The space station all by itself cost about $100 billion in current dollars (some paid by Russia, Japan, etc. but most borne directly or indirectly by NASA). The Shuttle program over its lifetime ran $200 billion at least (probably more).

If you use inflation-adjusted dollars for all of NASA's other activities since 1980, it's easily a trillion-plus.


According to this, the entire operating budget of NASA since its creation is less than $800B in inflation-adjusted dollars.
 
2012-05-22 10:02:41 AM  
SpaceX isn't a space agency, it is just a contractor.

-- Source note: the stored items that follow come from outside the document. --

lemma card_N_fiber:
  assumes k: "cj q k = k" "k \<noteq> 0"
  shows "card {z. N z = k} = q + 1"
proof -
  define G where "G = {x::'a. cj q x = x \<and> x \<noteq> 0}"
  define F where "F k = {z. N z = k}" for k
  have F_le: "card (F k) \<le> q + 1" for k
  proof -
    have "F k = {z. z ^ (q + 1) = poly [:k:] z}"
      by (simp add: F_def cj_def mult.commute)
    then show ?thesis
      by (simp only:) (rule card_roots_power_eq_poly_le, simp)
  qed
  have "card {x::'a. x ^ q = poly [:0, 1:] x} \<le> q"
    using q_ge_2 by (intro card_roots_power_eq_poly_le) simp
  then have "card {x::'a. cj q x = x} \<le> q"
    by (simp add: cj_def)
  moreover have "G = {x. cj q x = x} - {0}"
    by (auto simp: G_def)
  ultimately have G_le: "card G \<le> q - 1"
    by (simp add: card_Diff_singleton)
  have "UNIV - {0} = (\<Union>k\<in>G. F k)"
    by (auto simp: G_def F_def)
  then have "card (UNIV - {0::'a}) = (\<Sum>k\<in>G. card (F k))"
    by (simp only:) (rule card_UN_disjoint, auto simp: F_def)
  then have sum_eq: "(\<Sum>k\<in>G. card (F k)) = q * q - 1"
    by (simp add: card_Diff_singleton card_UNIV_eq)
  \<comment> \<open>at most \<open>q - 1\<close> fibres of size at most \<open>q + 1\<close> cover the \<open>q\<^sup>2 - 1\<close> units, so all are full\<close>
  show ?thesis
  proof (rule ccontr)
    assume "card {z. N z = k} \<noteq> q + 1"
    then have "card (F k) < q + 1"
      using F_le[of k] by (simp add: F_def)
    moreover have "k \<in> G"
      using k by (simp add: G_def)
    ultimately have "(\<Sum>k\<in>G. card (F k)) < (\<Sum>k\<in>G. q + 1)"
      using F_le by (intro sum_strict_mono_ex1) auto
    also have "\<dots> \<le> (q - 1) * (q + 1)"
      using G_le by (simp only: sum_constant of_nat_id mult_right_mono)
    also have "\<dots> = q * q - 1"
      using q_ge_2 by (cases q) simp_all
    finally show False
      using sum_eq by simp
  qed
qed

That was my point about turning NASA back into NACA. We don't need NASA building hardware. They're not good at it, and they waste a shiat-ton of money at it. Let contractors do that job. A private market for space-launch will emerge if the costs go low enough -- mining, tourism, exploration, even settlement some decades hence. (Which will require property-rights protection and rule of law, but that's a long discussion I don't want to get into right now.)

I think the need for a national "space agency" is kind of notional anyway. NASA hasn't proven to be particularly good at the "big idea" stuff, in case you haven't noticed. NASA is far too bureaucracy-bound and risk-averse to be good at the "big idea" stuff, and they can't do the "small idea" stuff in a cost-effective way. (Remember back when the Shuttle was going to launch once or twice a week, and reduce payload-to-orbit costs to $1000/lb? Instead, we got a fabulously exxpensive and dangerous contraption that cost a billion dollars every time we sent it up, and never got payload costs below $10,000/lb.)

I've said before, I'm all in favor of a national space agency with a mandate to do space exploration. The problem is, NASA is not that agency.